Читать книгу Mr. Roosevelt's Navy - Patrick Abazzia - Страница 11
ОглавлениеThe President Defines the Problem
IT WAS ONLY EIGHT DAYS before Christmas, 1937, but none of the men seated at the long table in the Cabinet Room took note of the season. Five days earlier, Japanese aircraft had bombed and sunk the U.S. gunboat Panay in the shallows of the Yangtze River. And now, the Secretary of the Navy, Claude A. Swanson, was telling his colleagues and President Franklin Roosevelt what should be done about this latest crisis in the Far East. Swanson was a stiff, gaunt man; seriously ill, he could not stand up unsupported. White-haired and sallow, he spoke earnestly, a long, full, gray moustache rising and falling with the movement of his lips. He spoke in a thick, gravelly voice which made it difficult for his listeners to understand what he was saying. Sometimes his words gargled together, and only harsh rasps, scratchy and phlegmy, could be heard above the small, restless noises that men make when they are listening to another speak. Secretary Swanson spoke of the need for force; at the least, the U.S. Fleet should be moved from the West Coast to Hawaii.
In a dreamy, distracted way, the crotchety Secretary of the Interior, Harold L. Ickes, evaluated the proposals of his infirm colleague. He sensed in Swanson’s urgency something of the shiny-eyed tenacity of the half-dead man who wants to precipitate grand events to mark his passing. Ickes had absorbed much of the strident, ingenuous pacifism of the liberalism of his generation; indeed, he had once deemed it virtually immoral for the President to allocate WPA funds to the construction of warships. Yet, increasingly, he was coming to believe that he who turns the other cheek gets slapped with the other hand; he feared that only force might restrain the totalitarian regimes. So, almost despite himself, Ickes wondered if the Secretary of the Navy might not be right. If we had to fight, he told himself, perhaps it was a case of better now than later.
Henry Morgenthau, the balding, sad-eyed Secretary of the Treasury, knew that the old man was saying things that needed to be said. Morgenthau had moved through this dismal week with an ache of rage and shame stabbing at him with the remorseless insistence of an abscessed tooth. Outraged by the Japanese attack, he was appalled and then ashamed at the number of people in the government who preferred to ignore the fate of the Panay. To Morgenthau, this was not only bad policy, but also bad morality; a nation had to protect its own. His Department was studying the feasibility of seizing Japanese assets in the United States, and he hoped that the President would announce measures of firmness. Three days ago, Franklin Roosevelt had told him that in the old days the sinking of an American vessel would have automatically been considered an act of war.

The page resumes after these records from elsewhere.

lemma relax_LL:
  assumes "0 < 1 - w * x"
  shows "relax r0 w (LL x w) = r0 - (1 - w * r0) * x / (1 - w * x)"
proof (cases "w = 0")
  case True
  then show ?thesis by (simp add: relax_def decay_integral_def LL_def)
next
  case False
  have "exp (- w * LL x w) = 1 / (1 - w * x)"
    using False assms by (simp add: LL_def exp_minus inverse_eq_divide)
  then have "decay_integral w (LL x w) = - x / (1 - w * x)"
    using False assms unfolding decay_integral_def by (simp add: field_simps)
  then show ?thesis by (simp add: relax_def)
qed

lemma alphaR_betaR:
  assumes "0 \<le> disc a c0 c1"
  shows "0 \<le> wR a c0 c1" and "alphaR a c0 c1 * betaR a c0 c1 = a * c1"
    and "alphaR a c0 c1 - betaR a c0 c1 = c0" and "alphaR a c0 c1 + betaR a c0 c1 = wR a c0 c1"
proof -
  have w2: "wR a c0 c1 * wR a c0 c1 = c0\<^sup>2 + 4 * a * c1"
    using assms by (simp add: wR_def disc_def)
  show "0 \<le> wR a c0 c1" using assms by (simp add: wR_def)
  show "alphaR a c0 c1 * betaR a c0 c1 = a * c1"
    unfolding alphaR_def betaR_def using w2 by (simp add: field_simps power2_eq_square)
  show "alphaR a c0 c1 - betaR a c0 c1 = c0" "alphaR a c0 c1 + betaR a c0 c1 = wR a c0 c1"
    unfolding alphaR_def betaR_def by (simp_all add: field_simps)
qed

lemma riccati_factor:
  assumes "0 \<le> disc a c0 c1"
  shows "c1 * (a - c0 * x - c1 * x\<^sup>2) = (c1 * x + alphaR a c0 c1) * (betaR a c0 c1 - c1 * x)"
proof -
  have "c1 * (a - c0 * x - c1 * x\<^sup>2) = a * c1 - c0 * c1 * x - c1 * c1 * x * x"
    by (simp add: algebra_simps power2_eq_square)
  also have "\<dots> = alphaR a c0 c1 * betaR a c0 c1 - (alphaR a c0 c1 - betaR a c0 c1) * c1 * x - c1 * c1 * x * x"
    using alphaR_betaR[OF assms] by simp
  finally show ?thesis by (simp add: algebra_simps)
qed

lemma gammaR_gt_wR:
  assumes "0 \<le> disc a c0 c1" "0 < c1" "vinf a c0 c1 < vc"
  shows "wR a c0 c1 < gammaR a c0 c1 vc"
proof -
  have "betaR a c0 c1 < c1 * vc"
    using assms by (simp add: vinf_def divide_less_eq mult.commute)
  then show ?thesis
    using alphaR_betaR(4)[OF assms(1)] by (simp add: gammaR_def)
qed

lemma one_minus_wR_div_gammaR_pos:
  assumes "0 \<le> disc a c0 c1" "0 < c1" "vinf a c0 c1 < vc"
  shows "0 < 1 - wR a c0 c1 * (1 / gammaR a c0 c1 vc)"
  using gammaR_gt_wR[OF assms] alphaR_betaR(1)[OF assms(1)] by (simp add: field_simps)

lemma relax_pos_iff_t_inf_less:
  assumes "0 \<le> disc a c0 c1" "0 < c1" "vinf a c0 c1 < vc"
  shows "0 < relax (1 / gammaR a c0 c1 vc) (wR a c0 c1) t \<longleftrightarrow> t_inf a c0 c1 vc < t"
proof -
  define r0 where "r0 = 1 / gammaR a c0 c1 vc"
  define w where "w = wR a c0 c1"
  have pos: "0 < 1 - w * r0"
    using one_minus_wR_div_gammaR_pos[OF assms] by (simp add: r0_def w_def)
  have "relax r0 w (LL r0 w) = r0 - (1 - w * r0) * r0 / (1 - w * r0)"
    by (rule relax_LL[OF pos])
  also have "\<dots> = 0"
    using pos by simp
  finally have "relax r0 w (t_inf a c0 c1 vc) = 0"
    by (simp add: t_inf_def r0_def w_def)
  then show ?thesis
    using strict_mono_less[OF relax_strict_mono[OF pos], of "t_inf a c0 c1 vc" t]
    by (simp add: r0_def w_def)
qed

lemma t_inf_neg:
  assumes "0 \<le> disc a c0 c1" "0 < c1" "vinf a c0 c1 < vc"
  shows "t_inf a c0 c1 vc < 0"
  using relax_pos_iff_t_inf_less[OF assms, of 0] gammaR_gt_wR[OF assms] alphaR_betaR(1)[OF assms(1)]
  by simp

text \<open>
  By \<open>riccati_factor\<close>, \<open>y = c1 * v + \<alpha>\<close> solves \<open>y' = y (w - y)\<close>, so \<open>1 / y\<close> solves
  \<open>R' = 1 - w R\<close>. Uniqueness is obtained from the linear equation \<open>q' = - y q\<close> for \<open>q = y R - 1\<close>.
\<close>

lemma riccati_reciprocal:
  fixes v :: "real \<Rightarrow> real"
  assumes disc: "0 \<le> disc a c0 c1" and \<gamma>: "gammaR a c0 c1 vc \<noteq> 0"
    and I: "open I" "is_interval I" "0 \<in> I"
    and ode: "\<And>t. t \<in> I \<Longrightarrow> (v has_real_derivative a - c0 * v t - c1 * (v t)\<^sup>2) (at t)"
    and init: "v 0 = vc" and "t \<in> I"
  shows "(c1 * v t + alphaR a c0 c1) * relax (1 / gammaR a c0 c1 vc) (wR a c0 c1) t = 1"
proof -
  define \<alpha> where "\<alpha> = alphaR a c0 c1"
  define w where "w = wR a c0 c1"
  define R where "R = relax (1 / gammaR a c0 c1 vc) w"
  define y where "y = (\<lambda>t. c1 * v t + \<alpha>)"
  have "y t * R t - 1 = 0"
  proof (rule linear_ode_vanishes[where q = "\<lambda>t. y t * R t - 1" and g = y and G = "\<lambda>t. c1 * sint v t + \<alpha> * t"])
    show "convex I" using I(2) is_interval_convex by blast
    show "y 0 * R 0 - 1 = 0"
      using \<gamma> init by (simp add: y_def R_def \<alpha>_def gammaR_def)
    show "((\<lambda>t. y t * R t - 1) has_real_derivative - y s * (y s * R s - 1)) (at s)" if "s \<in> I" for s
    proof -
      have "betaR a c0 c1 - c1 * v s = w - y s"
        using alphaR_betaR(4)[OF disc] by (simp add: y_def \<alpha>_def w_def)
      then have v': "c1 * (a - c0 * v s - c1 * (v s)\<^sup>2) = y s * (w - y s)"
        using riccati_factor[OF disc, of "v s"] by (simp add: y_def \<alpha>_def)
      have "((\<lambda>t. y t * R t - 1) has_real_derivative
          c1 * (a - c0 * v s - c1 * (v s)\<^sup>2) * R s + y s * (1 - w * R s)) (at s)"
        unfolding y_def R_def
        by (auto intro!: derivative_eq_intros ode[OF that] relax_has_real_derivative)
      moreover have "c1 * (a - c0 * v s - c1 * (v s)\<^sup>2) * R s + y s * (1 - w * R s)
          = - y s * (y s * R s - 1)"
        unfolding v' by (simp add: algebra_simps)
      ultimately show ?thesis
        by simp
    qed
    show "((\<lambda>t. c1 * sint v t + \<alpha> * t) has_real_derivative y s) (at s)" if "s \<in> I" for s
    proof -
      have "continuous_on I v"
        using ode DERIV_isCont by (blast intro: continuous_at_imp_continuous_on)
      then show ?thesis
        using sint_has_real_derivative[OF I that] unfolding y_def
        by (auto intro!: derivative_eq_intros)
    qed
  qed (use I \<open>t \<in> I\<close> in auto)
  then show ?thesis
    by (simp add: y_def R_def \<alpha>_def w_def)
qed

lemma riccati_case_c:
  fixes v :: "real \<Rightarrow> real"
  assumes disc: "0 \<le> disc a c0 c1" and c1: "0 < c1" and a: "0 \<le> a" and vc: "vinf a c0 c1 < vc"
    and ode: "\<And>t. t_inf a c0 c1 vc < t \<Longrightarrow>
      (v has_real_derivative a - c0 * v t - c1 * (v t)\<^sup>2) (at t)"
    and init: "v 0 = vc" and t: "t_inf a c0 c1 vc < t"
  shows "0 < v t" and "a - c0 * v t - c1 * (v t)\<^sup>2 \<le> 0"
proof -
  define w where "w = wR a c0 c1"
  define r0 where "r0 = 1 / gammaR a c0 c1 vc"
  define y where "y = c1 * v t + alphaR a c0 c1"
  have R_pos: "0 < relax r0 w t"
    using relax_pos_iff_t_inf_less[OF disc c1 vc] t by (simp add: r0_def w_def)
  have "gammaR a c0 c1 vc \<noteq> 0"
    using gammaR_gt_wR[OF disc c1 vc] alphaR_betaR(1)[OF disc] by simp
  have "(c1 * v t + alphaR a c0 c1) * relax r0 w t = 1"
    unfolding r0_def w_def
    by (rule riccati_reciprocal[where I = "{t_inf a c0 c1 vc<..}"])
      (use disc init ode t t_inf_neg[OF disc c1 vc] \<open>gammaR a c0 c1 vc \<noteq> 0\<close> in auto)
  then have yR: "y * relax r0 w t = 1"
    by (simp add: y_def)
  then have "(y - w) * relax r0 w t = 1 - w * relax r0 w t"
    by (simp add: algebra_simps)
  also have "\<dots> > 0"
    using one_minus_wR_div_gammaR_pos[OF disc c1 vc] by (simp add: one_minus_relax r0_def w_def)
  finally have "betaR a c0 c1 < c1 * v t"
    using R_pos alphaR_betaR(4)[OF disc] by (simp add: zero_less_mult_iff y_def w_def)
  moreover have "0 \<le> betaR a c0 c1"
  proof -
    have "c0 \<le> sqrt (c0\<^sup>2 + 4 * a * c1)"
      using a c1 by (intro real_le_rsqrt) simp
    then show ?thesis by (simp add: betaR_def wR_def disc_def)
  qed
  ultimately have "0 < c1 * v t"
    by linarith
  then show "0 < v t"
    using c1 by (simp add: zero_less_mult_iff)
  have "0 < y"
    using yR R_pos by (metis zero_less_mult_pos2 zero_less_one)
  then have "c1 * (a - c0 * v t - c1 * (v t)\<^sup>2) < 0"
    using riccati_factor[OF disc, of "v t"] \<open>betaR a c0 c1 < c1 * v t\<close>
    by (simp add: y_def mult_pos_neg)
  then show "a - c0 * v t - c1 * (v t)\<^sup>2 \<le> 0"
    using c1 by (simp add: mult_less_0_iff)
qed

lemma alphaR_pos_betaR_neg:
  assumes "0 \<le> disc a c0 c1" "0 \<le> c0" "0 < c1" "a < 0"
  shows "betaR a c0 c1 < 0" and "0 < alphaR a c0 c1"
proof -
  have "wR a c0 c1 < c0"
  proof -
    have "sqrt (c0\<^sup>2 + 4 * a * c1) < sqrt (c0\<^sup>2)"
      using assms by (intro real_sqrt_less_mono) (simp add: mult_neg_pos)
    then show ?thesis using assms(2) by (simp add: wR_def disc_def)
  qed
  then show "betaR a c0 c1 < 0" "0 < alphaR a c0 c1"
    using alphaR_betaR(1)[OF assms(1)] by (simp_all add: alphaR_def betaR_def)
qed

But the President had known all week that neither the state of the nation’s arms nor the temper of its people was equal to the task of restraining Japan. The Japanese seemed willing to make reparation for the “incident,” and the President wanted a quick and discreet settlement. Now, the President interrupted Swanson to remark that he wanted to achieve the same ends in the Pacific—but without risking war. He then turned the discussion toward vaguer and safer ground, the possibility of economic sanctions and a “quarantine” of the aggressor states.
But Franklin Roosevelt knew that there were likely to be other such galling episodes, and it profoundly annoyed him that the totalitarian powers were able to achieve diplomatic victories and territorial conquests without formally making war. They achieved their ambitions in a world technically at peace through “civil wars,” “undeclared wars,” and “incidents,” lulling other nations by an avoidance of full-scale, overt war. The President felt that the United States might have to develop a similar technique. And so he told his Cabinet, “If Italy and Japan have evolved a technique of fighting without declaring war, why can’t we develop a similar one?”
Thus, on 17 December 1937, President Franklin Roosevelt defined the problem.1
A few days later, Captain Royal E. Ingersoll, head of the War Plans Division of the Office of Naval Operations, was invited to the White House. Ingersoll was a “rumpled,” scholarly officer with a bent for staff work and a distaste for publicity. The President ordered him to Britain to discuss the possibility of Anglo-American naval cooperation, but he was to make “no commitments” on behalf of the United States. Ingersoll understood. As he explained, “We had to make preliminary arrangements to explore what could be done—for communicating with each other, for establishing liaison, intelligence, and other things, so if war did come we would not be floundering around for months until we got together.”2
The President had taken his first step toward a policy of “fighting without declaring war.” It was merely a small, tentative step, but in due time, his pace would quicken, and ships yet unbuilt would steam away on business in great waters.